Option name | Description |
---|---|
strand |
Strand specification (+ , - or * ). |
overlapping |
If true, than overlapping PQS will be reported. |
max_len |
Maximal total length of PQS. |
min_score |
Minimal score of PQS to be reported. The default value 52 shows the best balanced accuracy on human G4 sequencing data (Chambers et al. 2015). |
run_min_len |
Minimal length of each PQS run (G-run). |
run_max_len |
Maximal length of each PQS run. |
loop_min_len |
Minimal length of each PQS inner loop. |
loop_max_len |
Maximal length of each PQS inner loop. |
max_bulges |
Maximal number of runs containing a bulge. |
max_mismatches |
Maximal number of runs containing a mismatch. |
max_defects |
Maximum number of defects in total (#bulges + #mismatches). |
The more you narrow these options in terms of shorter PQS length, narrower run or loop length ranges and lower number of defects, the faster the detection process will be, with a possible loss of sensitivity.
Important note: In each G-run, the algorithm allows at most one type of defect and at least one G-run must be perfect, that means without any defect.
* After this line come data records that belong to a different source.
lemma integral_cauchy_pdf:
  assumes "0 < s"
  shows "integrable lborel (cauchy_pdf s)" "integral\<^sup>L lborel (cauchy_pdf s) = 1"
proof -
  have "((\<lambda>x. arctan (x / s) / pi) \<longlongrightarrow> -1/2) at_bot"
       "((\<lambda>x. arctan (x / s) / pi) \<longlongrightarrow> 1/2) at_top"
    using assms by real_asymp+
  note FTC = lborel_integral_FTC_nonneg[OF DERIV_arctan_cauchy_pdf isCont_cauchy_pdf
      cauchy_pdf_nonneg this]
  show "integrable lborel (cauchy_pdf s)" "integral\<^sup>L lborel (cauchy_pdf s) = 1"
    using FTC(1,2) assms by simp_all
qed

lemma integral_cauchy_pdf_greaterThan:
  assumes "0 < s"
  shows "(\<integral>x. indicator {w<..} x * cauchy_pdf s x \<partial>lborel) = 1/2 - arctan (w / s) / pi"
proof -
  have "(((\<lambda>x. arctan (x / s) / pi) \<circ> real_of_ereal) \<longlongrightarrow> arctan (w / s) / pi) (at_right (ereal w))"
    unfolding ereal_tendsto_simps1 using assms by (intro tendsto_intros) auto
  moreover have "(((\<lambda>x. arctan (x / s) / pi) \<circ> real_of_ereal) \<longlongrightarrow> 1/2) (at_left \<infinity>)"
    unfolding ereal_tendsto_simps1 using assms by real_asymp
  ultimately have "(LBINT x=ereal w..\<infinity>. cauchy_pdf s x) = 1/2 - arctan (w / s) / pi"
    using assms
    by (intro interval_integral_FTC_nonneg(2))
       (auto intro!: DERIV_arctan_cauchy_pdf isCont_cauchy_pdf cauchy_pdf_nonneg)
  then show ?thesis
    by (simp add: interval_lebesgue_integral_def set_lebesgue_integral_def)
qed

lemma integral_sgn_shift_cauchy:
  assumes "0 < s"
  shows "(\<integral>x. sgn (x + z) \<partial>density lborel (\<lambda>x. ennreal (cauchy_pdf s x))) = 2 / pi * arctan (z / s)"
proof -
  have int: "integrable lborel (\<lambda>x. indicator {-z<..} x * cauchy_pdf s x)"
    using integrable_mult_indicator[of "{-z<..}" lborel "cauchy_pdf s"] integral_cauchy_pdf[OF assms]
    by simp
  have "(\<integral>x. sgn (x + z) \<partial>density lborel (\<lambda>x. ennreal (cauchy_pdf s x)))
      = (\<integral>x. cauchy_pdf s x * sgn (x + z) \<partial>lborel)"
    using assms by (subst integral_density) (auto simp: cauchy_pdf_nonneg)
  also have "\<dots> = (\<integral>x. 2 * (indicator {-z<..} x * cauchy_pdf s x) - cauchy_pdf s x \<partial>lborel)"
    using AE_lborel_singleton[of "-z"]
    by (intro integral_cong_AE) (auto elim!: AE_mp simp: indicator_def sgn_if)
  also have "\<dots> = 2 * (1/2 - arctan (-z / s) / pi) - 1"
    using int integral_cauchy_pdf[OF assms] integral_cauchy_pdf_greaterThan[OF assms] by simp
  also have "\<dots> = 2 / pi * arctan (z / s)"
    by (simp add: arctan_minus field_simps)
  finally show ?thesis .
qed

lemma integral_cauchy_pdf_rescale:
  fixes h :: "real \<Rightarrow> real"
  assumes "0 < s" and [measurable]: "h \<in> borel_measurable borel"
  shows "(\<integral>z. h z \<partial>density lborel (\<lambda>x. ennreal (cauchy_pdf s x))) = (\<integral>R. h (s * R) \<partial>cauchy_measure)"
proof -
  have pdf: "s * cauchy_pdf s (s * x) = cauchy_density x" for x
  proof -
    have "s\<^sup>2 + (s * x)\<^sup>2 = s\<^sup>2 * (1 + x\<^sup>2)"
      by (simp add: power_mult_distrib algebra_simps)
    then show ?thesis
      using assms(1) by (simp add: cauchy_pdf_def cauchy_density_def power2_eq_square)
  qed
  have "(\<integral>z. h z \<partial>density lborel (\<lambda>x. ennreal (cauchy_pdf s x))) = (\<integral>z. cauchy_pdf s z * h z \<partial>lborel)"
    using assms by (subst integral_density) (auto simp: cauchy_pdf_nonneg)
  also have "\<dots> = (\<integral>x. s * cauchy_pdf s (s * x) * h (s * x) \<partial>lborel)"
    using lborel_integral_real_affine[of s "\<lambda>z. cauchy_pdf s z * h z" 0] assms
    by (simp add: mult.assoc)
  also have "\<dots> = (\<integral>x. cauchy_density x * h (s * x) \<partial>lborel)"
    by (simp only: pdf)
  also have "\<dots> = (\<integral>R. h (s * R) \<partial>cauchy_measure)"
    unfolding cauchy_measure_def
    by (subst integral_density) (auto simp: cauchy_density_eq_cauchy_pdf cauchy_pdf_nonneg)
  finally show ?thesis .
qed

text \<open>The primitive comes from the partial fraction decomposition of the integrand; its
  logarithmic part vanishes at \<open>\<plusminus>\<infinity>\<close>.\<close>
lemma DERIV_inverse_quadratics_primitive:
  fixes x s t u :: real
  assumes s: "0 < s" and t: "0 < t" and nz: "0 < x\<^sup>2 + (s - t)\<^sup>2"
  defines "k \<equiv> 1 / ((x\<^sup>2 + (s + t)\<^sup>2) * (x\<^sup>2 + (s - t)\<^sup>2))"
  shows "((\<lambda>u. x * k * (ln (u\<^sup>2 + t\<^sup>2) - ln ((u - x)\<^sup>2 + s\<^sup>2))
            + (x\<^sup>2 + s\<^sup>2 - t\<^sup>2) * k / t * arctan (u / t)
            + (x\<^sup>2 - s\<^sup>2 + t\<^sup>2) * k / s * arctan ((u - x) / s))
         has_real_derivative 1 / ((u\<^sup>2 + t\<^sup>2) * ((u - x)\<^sup>2 + s\<^sup>2))) (at u)"
proof -
  have pos: "0 < u\<^sup>2 + t\<^sup>2" "0 < (u - x)\<^sup>2 + s\<^sup>2" "0 < x\<^sup>2 + (s + t)\<^sup>2"
    using s t by (simp_all add: add_nonneg_pos)
  note nonzero = pos[THEN less_imp_neq, symmetric] nz[THEN less_imp_neq, symmetric]
  show ?thesis
    by (rule derivative_eq_intros refl | use s t pos in force)+
       (use nonzero s t in \<open>simp add: k_def divide_simps del: sum_power2_eq_zero_iff;
          simp add: power2_eq_square; algebra\<close>)
qed
lemma sum_eq_0_if_slices_vanish:
  fixes sV :: "'k::field \<Rightarrow> 'v::ab_group_add \<Rightarrow> 'v"
  assumes vs: "vector_space sV" and F: "bilinear_map sV sW sU F"
    and lin: "\<And>\<theta>. \<theta> \<in> \<Theta> \<Longrightarrow> lin sW (*) \<theta>"
    and sep: "\<And>w. (\<And>\<theta>. \<theta> \<in> \<Theta> \<Longrightarrow> \<theta> w = 0) \<Longrightarrow> w = 0"
    and vanish: "\<And>\<theta>. \<theta> \<in> \<Theta> \<Longrightarrow> (\<Sum>(u,v)\<leftarrow>L. sV (\<theta> v) u) = 0"
  shows "(\<Sum>(u,v)\<leftarrow>L. F u v) = 0"
proof -
  obtain E lam where E: "\<And>e. lin sV (*) (lam e)" "\<And>u. u \<in> fst ` set L \<Longrightarrow> u = (\<Sum>e\<in>E. sV (lam e u) e)"
    by (rule finite_coordinates[OF vs, of "fst ` set L"]) auto
  have legs: "(\<Sum>(u,v)\<leftarrow>L. sW (lam e u) v) = 0" for e
  proof (rule sep)
    fix \<theta> assume "\<theta> \<in> \<Theta>"
    then show "\<theta> (\<Sum>(u,v)\<leftarrow>L. sW (lam e u) v) = 0"
      by (simp add: lin_slice_swap[OF E(1) lin] vanish lin_zero[OF E(1)])
  qed
  have "(\<Sum>(u,v)\<leftarrow>L. F u v) = (\<Sum>e\<in>E. F e (\<Sum>(u,v)\<leftarrow>L. sW (lam e u) v))"
  proof (rule sum_expand_first_leg[OF F])
    fix u v assume "(u, v) \<in> set L"
    then show "u = (\<Sum>e\<in>E. sV (lam e u) e)" by (intro E(2)) force
  qed
  also have "\<dots> = 0"
    using F lin_zero unfolding legs bilinear_map_def by (metis sum.neutral)
  finally show ?thesis .
qed

section \<open>Hopf algebras with a modular invariant functional\<close>

locale hopf_modular =
  fixes sH :: "'k::field \<Rightarrow> 'h::ring_1 \<Rightarrow> 'h" and \<Delta> :: "'h \<Rightarrow> ('h \<times> 'h) list"
    and \<epsilon> :: "'h \<Rightarrow> 'k" and S :: "'h \<Rightarrow> 'h" and \<phi> :: "'h \<Rightarrow> 'k" and \<delta> :: 'h
  assumes integrals: "hopf_with_integrals sH \<Delta> \<epsilon> S \<phi>"
    and modular: "modular_element sH \<Delta> S \<phi> \<delta>"
begin

lemma hopf: "hopf_algebra sH \<Delta> \<epsilon> S"
  using integrals unfolding hopf_with_integrals_def by blast

lemma k_algebra_H: "k_algebra sH"
  using hopf unfolding hopf_algebra_def by blast

lemma vector_space_H: "vector_space sH"
  using k_algebra_H unfolding k_algebra_def by blast

sublocale H: vector_space sH by (rule vector_space_H)

lemma scale_mult_left[simp]: "sH c x * y = sH c (x * y)"
  and scale_mult_right[simp]: "x * sH c y = sH c (x * y)"
  using k_algebra_H unfolding k_algebra_def by metis+

lemma Delta_mult: "teq2 sH sH (\<Delta> (x * y)) (tmult (\<Delta> x) (\<Delta> y))"
  and Delta_one: "teq2 sH sH (\<Delta> 1) [(1, 1)]"
  and Delta_coassoc: "teq3 sH sH sH [(u1, u2, v). (u,v) \<leftarrow> \<Delta> x, (u1,u2) \<leftarrow> \<Delta> u]
                          [(u, v1, v2). (u,v) \<leftarrow> \<Delta> x, (v1,v2) \<leftarrow> \<Delta> v]"
  and eps_lin: "lin sH (*) \<epsilon>"
  and counit_left: "(\<Sum>(u,v)\<leftarrow>\<Delta> x. sH (\<epsilon> u) v) = x"
  and counit_right: "(\<Sum>(u,v)\<leftarrow>\<Delta> x. sH (\<epsilon> v) u) = x"
  and S_lin: "lin sH sH S"
  and antipode_left: "(\<Sum>(u,v)\<leftarrow>\<Delta> x. S u * v) = sH (\<epsilon> x) 1"
  and antipode_right: "(\<Sum>(u,v)\<leftarrow>\<Delta> x. u * S v) = sH (\<epsilon> x) 1"
  using hopf unfolding hopf_algebra_def by blast+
Therefore the values of max_bulges
, max_mismatches
and max_defects
must fall into the range from 0 to 3.
Example 1: If you are insterested solely in G-quadruplexes with perfect G-runs, just restrict max_defects
to zero:
pqsfinder(seq, max_defects = 0, min_score = 20)
## PQS views on a 59-letter DNAString subject
## subject: TTTTGGGCGGGAGGAGTGGAGTTTTTAACCCCAAAAATTTGGGAGGGTGGGTGGGAGAA
## quadruplexes:
## start width score strand nt nb nm
## [1] 6 14 29 + 2 0 0 [GGCGGGAGGAGTGG]
## [2] 41 15 73 + 3 0 0 [GGGAGGGTGGGTGGG]
Example 2: In case you don’t mind defects in G-runs, but you want to report only high-quality PQS, increase min_score
value:
pqsfinder(seq, min_score = 70)
## PQS views on a 59-letter DNAString subject
## subject: TTTTGGGCGGGAGGAGTGGAGTTTTTAACCCCAAAAATTTGGGAGGGTGGGTGGGAGAA
## quadruplexes:
## start width score strand nt nb nm
## [1] 41 15 73 + 3 0 0 [GGGAGGGTGGGTGGG]
As mentioned above, the results of detection are stored in the PQSViews
object. Because the PQSViews
class is only an extension of the XStringViews
class, all operations applied to the XStringViews
object can also be applied to the PQSViews
object as well.
Additionaly, PQSViews
class supports a conversion mechanism to create GRanges
objects. Thus, all detected PQS can be easily transformed into elements of a GRanges
object and saved as a GFF3 file, for example.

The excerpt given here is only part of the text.